*Data section:*
BEGIN

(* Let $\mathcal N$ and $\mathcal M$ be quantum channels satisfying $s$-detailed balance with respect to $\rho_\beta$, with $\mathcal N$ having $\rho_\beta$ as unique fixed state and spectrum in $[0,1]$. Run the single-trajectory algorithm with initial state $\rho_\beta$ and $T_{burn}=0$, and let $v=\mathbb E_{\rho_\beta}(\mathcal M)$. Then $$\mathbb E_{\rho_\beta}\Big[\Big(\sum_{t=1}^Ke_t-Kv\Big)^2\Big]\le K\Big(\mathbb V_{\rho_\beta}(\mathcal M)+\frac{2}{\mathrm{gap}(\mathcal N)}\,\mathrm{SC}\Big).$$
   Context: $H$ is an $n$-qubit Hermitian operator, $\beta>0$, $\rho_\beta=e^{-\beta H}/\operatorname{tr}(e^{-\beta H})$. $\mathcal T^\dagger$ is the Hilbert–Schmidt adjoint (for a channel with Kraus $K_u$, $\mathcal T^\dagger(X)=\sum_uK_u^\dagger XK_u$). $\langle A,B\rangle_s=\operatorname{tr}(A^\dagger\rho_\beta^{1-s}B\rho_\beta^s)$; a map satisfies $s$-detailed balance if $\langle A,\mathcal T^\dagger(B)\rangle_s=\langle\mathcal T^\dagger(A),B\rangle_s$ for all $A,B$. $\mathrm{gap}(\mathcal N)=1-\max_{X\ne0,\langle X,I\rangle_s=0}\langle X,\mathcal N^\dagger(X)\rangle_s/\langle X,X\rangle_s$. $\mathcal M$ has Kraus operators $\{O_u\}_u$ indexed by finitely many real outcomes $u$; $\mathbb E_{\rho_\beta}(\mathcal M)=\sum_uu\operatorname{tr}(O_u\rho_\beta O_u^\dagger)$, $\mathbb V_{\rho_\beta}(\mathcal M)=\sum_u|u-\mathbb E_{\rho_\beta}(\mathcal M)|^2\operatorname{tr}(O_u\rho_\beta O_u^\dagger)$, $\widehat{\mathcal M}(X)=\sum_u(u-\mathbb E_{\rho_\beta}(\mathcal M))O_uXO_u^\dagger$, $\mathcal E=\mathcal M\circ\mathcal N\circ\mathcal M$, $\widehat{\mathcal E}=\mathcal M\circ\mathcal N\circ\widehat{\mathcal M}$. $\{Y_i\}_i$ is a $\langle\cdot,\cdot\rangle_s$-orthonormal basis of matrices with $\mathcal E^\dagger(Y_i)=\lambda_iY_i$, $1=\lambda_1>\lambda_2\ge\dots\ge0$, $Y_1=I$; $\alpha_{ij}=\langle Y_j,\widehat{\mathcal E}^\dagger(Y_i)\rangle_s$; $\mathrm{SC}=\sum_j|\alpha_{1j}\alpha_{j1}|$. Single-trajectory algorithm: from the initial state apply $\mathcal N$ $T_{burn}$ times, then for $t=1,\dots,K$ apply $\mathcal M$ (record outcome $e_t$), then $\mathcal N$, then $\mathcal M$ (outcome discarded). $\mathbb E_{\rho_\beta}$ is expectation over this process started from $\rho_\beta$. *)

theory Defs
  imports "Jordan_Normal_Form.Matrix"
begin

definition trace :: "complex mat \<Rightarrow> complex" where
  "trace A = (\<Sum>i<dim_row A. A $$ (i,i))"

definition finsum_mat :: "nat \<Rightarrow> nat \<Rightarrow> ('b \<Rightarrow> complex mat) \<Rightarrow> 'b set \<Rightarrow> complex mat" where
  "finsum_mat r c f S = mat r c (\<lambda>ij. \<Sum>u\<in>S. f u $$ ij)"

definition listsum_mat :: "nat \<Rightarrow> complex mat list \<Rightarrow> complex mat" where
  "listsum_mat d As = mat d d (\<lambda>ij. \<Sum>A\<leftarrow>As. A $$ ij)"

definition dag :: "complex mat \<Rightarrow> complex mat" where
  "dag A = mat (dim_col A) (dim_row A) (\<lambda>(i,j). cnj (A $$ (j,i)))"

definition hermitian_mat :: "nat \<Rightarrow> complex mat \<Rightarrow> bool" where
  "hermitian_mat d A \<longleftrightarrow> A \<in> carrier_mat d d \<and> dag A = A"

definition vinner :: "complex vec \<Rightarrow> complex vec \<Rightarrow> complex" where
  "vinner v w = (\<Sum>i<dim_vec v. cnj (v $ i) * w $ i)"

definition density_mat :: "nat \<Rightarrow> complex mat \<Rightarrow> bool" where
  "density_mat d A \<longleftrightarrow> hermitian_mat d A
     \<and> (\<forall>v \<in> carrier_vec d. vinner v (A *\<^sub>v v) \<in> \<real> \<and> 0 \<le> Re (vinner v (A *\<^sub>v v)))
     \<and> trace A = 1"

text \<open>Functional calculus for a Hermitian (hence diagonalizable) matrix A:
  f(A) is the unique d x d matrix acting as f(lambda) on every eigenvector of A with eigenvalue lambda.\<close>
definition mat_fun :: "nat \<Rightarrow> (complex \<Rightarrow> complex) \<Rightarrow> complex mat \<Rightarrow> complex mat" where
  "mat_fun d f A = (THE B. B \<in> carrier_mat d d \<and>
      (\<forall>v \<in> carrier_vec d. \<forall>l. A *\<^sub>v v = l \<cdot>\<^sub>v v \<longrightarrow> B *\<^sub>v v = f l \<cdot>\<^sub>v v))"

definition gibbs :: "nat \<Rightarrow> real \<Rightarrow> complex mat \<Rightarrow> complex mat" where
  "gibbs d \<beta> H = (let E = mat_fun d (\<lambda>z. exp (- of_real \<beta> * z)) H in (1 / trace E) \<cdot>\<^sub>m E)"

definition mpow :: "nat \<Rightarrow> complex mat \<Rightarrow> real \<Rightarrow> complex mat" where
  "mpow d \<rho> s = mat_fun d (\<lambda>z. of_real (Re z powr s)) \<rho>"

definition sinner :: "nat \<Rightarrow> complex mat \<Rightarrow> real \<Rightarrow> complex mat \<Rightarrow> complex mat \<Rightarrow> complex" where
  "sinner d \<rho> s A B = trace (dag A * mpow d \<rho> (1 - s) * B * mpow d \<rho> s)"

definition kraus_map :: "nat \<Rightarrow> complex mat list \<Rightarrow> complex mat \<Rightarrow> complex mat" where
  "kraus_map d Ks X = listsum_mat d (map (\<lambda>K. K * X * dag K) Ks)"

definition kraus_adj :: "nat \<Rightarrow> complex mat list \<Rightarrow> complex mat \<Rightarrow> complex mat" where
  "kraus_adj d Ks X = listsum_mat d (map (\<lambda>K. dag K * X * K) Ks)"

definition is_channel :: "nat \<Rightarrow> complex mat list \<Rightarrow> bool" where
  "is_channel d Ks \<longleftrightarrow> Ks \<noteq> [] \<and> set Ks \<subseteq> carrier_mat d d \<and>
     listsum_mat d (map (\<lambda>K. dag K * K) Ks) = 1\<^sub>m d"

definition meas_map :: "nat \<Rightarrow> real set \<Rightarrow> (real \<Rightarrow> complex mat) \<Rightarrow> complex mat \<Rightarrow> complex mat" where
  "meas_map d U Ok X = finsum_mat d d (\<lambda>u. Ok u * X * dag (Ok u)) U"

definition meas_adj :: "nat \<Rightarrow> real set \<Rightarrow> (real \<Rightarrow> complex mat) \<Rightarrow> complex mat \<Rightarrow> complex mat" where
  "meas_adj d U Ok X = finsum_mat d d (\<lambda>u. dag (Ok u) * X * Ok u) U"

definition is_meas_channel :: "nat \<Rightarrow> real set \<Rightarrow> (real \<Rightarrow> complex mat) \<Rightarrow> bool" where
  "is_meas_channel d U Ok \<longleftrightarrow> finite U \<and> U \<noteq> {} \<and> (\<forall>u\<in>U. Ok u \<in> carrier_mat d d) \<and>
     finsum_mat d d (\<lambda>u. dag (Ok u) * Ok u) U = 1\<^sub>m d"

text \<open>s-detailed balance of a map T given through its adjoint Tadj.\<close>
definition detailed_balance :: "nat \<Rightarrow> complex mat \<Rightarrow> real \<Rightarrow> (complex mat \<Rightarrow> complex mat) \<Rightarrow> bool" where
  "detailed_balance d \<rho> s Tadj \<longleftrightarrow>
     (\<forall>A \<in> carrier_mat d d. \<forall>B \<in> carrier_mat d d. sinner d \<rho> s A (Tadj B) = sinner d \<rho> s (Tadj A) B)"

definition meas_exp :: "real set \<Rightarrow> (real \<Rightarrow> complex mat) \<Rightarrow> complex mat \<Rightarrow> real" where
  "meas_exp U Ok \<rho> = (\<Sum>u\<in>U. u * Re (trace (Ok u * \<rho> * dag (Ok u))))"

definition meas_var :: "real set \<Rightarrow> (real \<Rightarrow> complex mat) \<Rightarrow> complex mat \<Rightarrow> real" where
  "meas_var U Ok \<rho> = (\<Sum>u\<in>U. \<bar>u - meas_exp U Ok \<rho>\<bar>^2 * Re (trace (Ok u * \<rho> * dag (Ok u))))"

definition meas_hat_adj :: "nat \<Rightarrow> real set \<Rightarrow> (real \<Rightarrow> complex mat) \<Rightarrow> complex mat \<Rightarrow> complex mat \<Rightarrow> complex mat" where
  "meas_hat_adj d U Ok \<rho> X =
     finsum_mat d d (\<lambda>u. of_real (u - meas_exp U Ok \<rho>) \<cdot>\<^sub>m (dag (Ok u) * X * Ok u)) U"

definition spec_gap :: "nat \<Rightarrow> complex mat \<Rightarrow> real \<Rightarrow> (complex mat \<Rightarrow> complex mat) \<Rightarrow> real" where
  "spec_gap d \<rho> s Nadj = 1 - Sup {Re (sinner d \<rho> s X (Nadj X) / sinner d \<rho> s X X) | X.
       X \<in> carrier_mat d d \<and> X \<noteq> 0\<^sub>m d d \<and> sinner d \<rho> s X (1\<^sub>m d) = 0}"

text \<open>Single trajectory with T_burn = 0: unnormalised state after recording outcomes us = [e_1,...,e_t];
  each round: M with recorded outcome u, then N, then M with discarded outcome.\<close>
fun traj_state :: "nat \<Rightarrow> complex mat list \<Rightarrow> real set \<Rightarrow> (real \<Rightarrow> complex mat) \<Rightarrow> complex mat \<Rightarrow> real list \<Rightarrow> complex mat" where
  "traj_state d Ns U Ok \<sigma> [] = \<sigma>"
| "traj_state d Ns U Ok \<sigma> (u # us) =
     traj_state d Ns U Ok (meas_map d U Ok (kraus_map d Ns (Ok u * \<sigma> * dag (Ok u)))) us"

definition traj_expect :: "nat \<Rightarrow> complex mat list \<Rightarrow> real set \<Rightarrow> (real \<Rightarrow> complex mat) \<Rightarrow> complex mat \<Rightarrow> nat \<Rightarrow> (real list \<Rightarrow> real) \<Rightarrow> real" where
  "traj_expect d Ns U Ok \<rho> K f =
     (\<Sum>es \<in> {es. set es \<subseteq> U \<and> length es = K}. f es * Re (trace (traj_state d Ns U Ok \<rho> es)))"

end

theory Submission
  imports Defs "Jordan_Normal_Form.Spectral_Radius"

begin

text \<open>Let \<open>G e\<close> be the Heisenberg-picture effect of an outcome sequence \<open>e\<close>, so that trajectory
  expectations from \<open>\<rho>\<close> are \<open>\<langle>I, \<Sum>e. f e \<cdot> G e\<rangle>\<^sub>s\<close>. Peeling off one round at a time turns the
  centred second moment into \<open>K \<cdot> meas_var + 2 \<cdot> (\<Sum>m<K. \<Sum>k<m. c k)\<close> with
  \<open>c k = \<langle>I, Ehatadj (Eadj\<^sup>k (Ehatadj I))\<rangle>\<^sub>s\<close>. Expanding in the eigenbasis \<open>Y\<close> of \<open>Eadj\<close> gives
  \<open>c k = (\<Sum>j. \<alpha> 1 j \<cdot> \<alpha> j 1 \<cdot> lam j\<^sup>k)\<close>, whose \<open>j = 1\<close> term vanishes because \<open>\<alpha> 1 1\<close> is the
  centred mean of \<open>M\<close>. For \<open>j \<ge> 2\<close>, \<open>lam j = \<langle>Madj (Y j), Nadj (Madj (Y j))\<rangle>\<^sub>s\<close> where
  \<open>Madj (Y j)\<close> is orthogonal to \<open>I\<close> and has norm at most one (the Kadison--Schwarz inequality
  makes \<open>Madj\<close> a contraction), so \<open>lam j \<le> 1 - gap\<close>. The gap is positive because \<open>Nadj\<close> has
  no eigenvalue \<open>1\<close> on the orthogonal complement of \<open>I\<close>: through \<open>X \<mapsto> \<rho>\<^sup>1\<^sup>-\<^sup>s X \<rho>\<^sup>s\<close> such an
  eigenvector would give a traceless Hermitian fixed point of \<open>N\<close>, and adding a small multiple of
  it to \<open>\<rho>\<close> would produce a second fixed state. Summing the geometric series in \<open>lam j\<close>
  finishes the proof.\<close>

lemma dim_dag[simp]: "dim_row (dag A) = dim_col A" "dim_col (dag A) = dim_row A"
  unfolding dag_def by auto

END

*Work to be completed:* Counting the lines of the material that hold the string "vinner", state the total and nothing besides.

*Answer box:* 3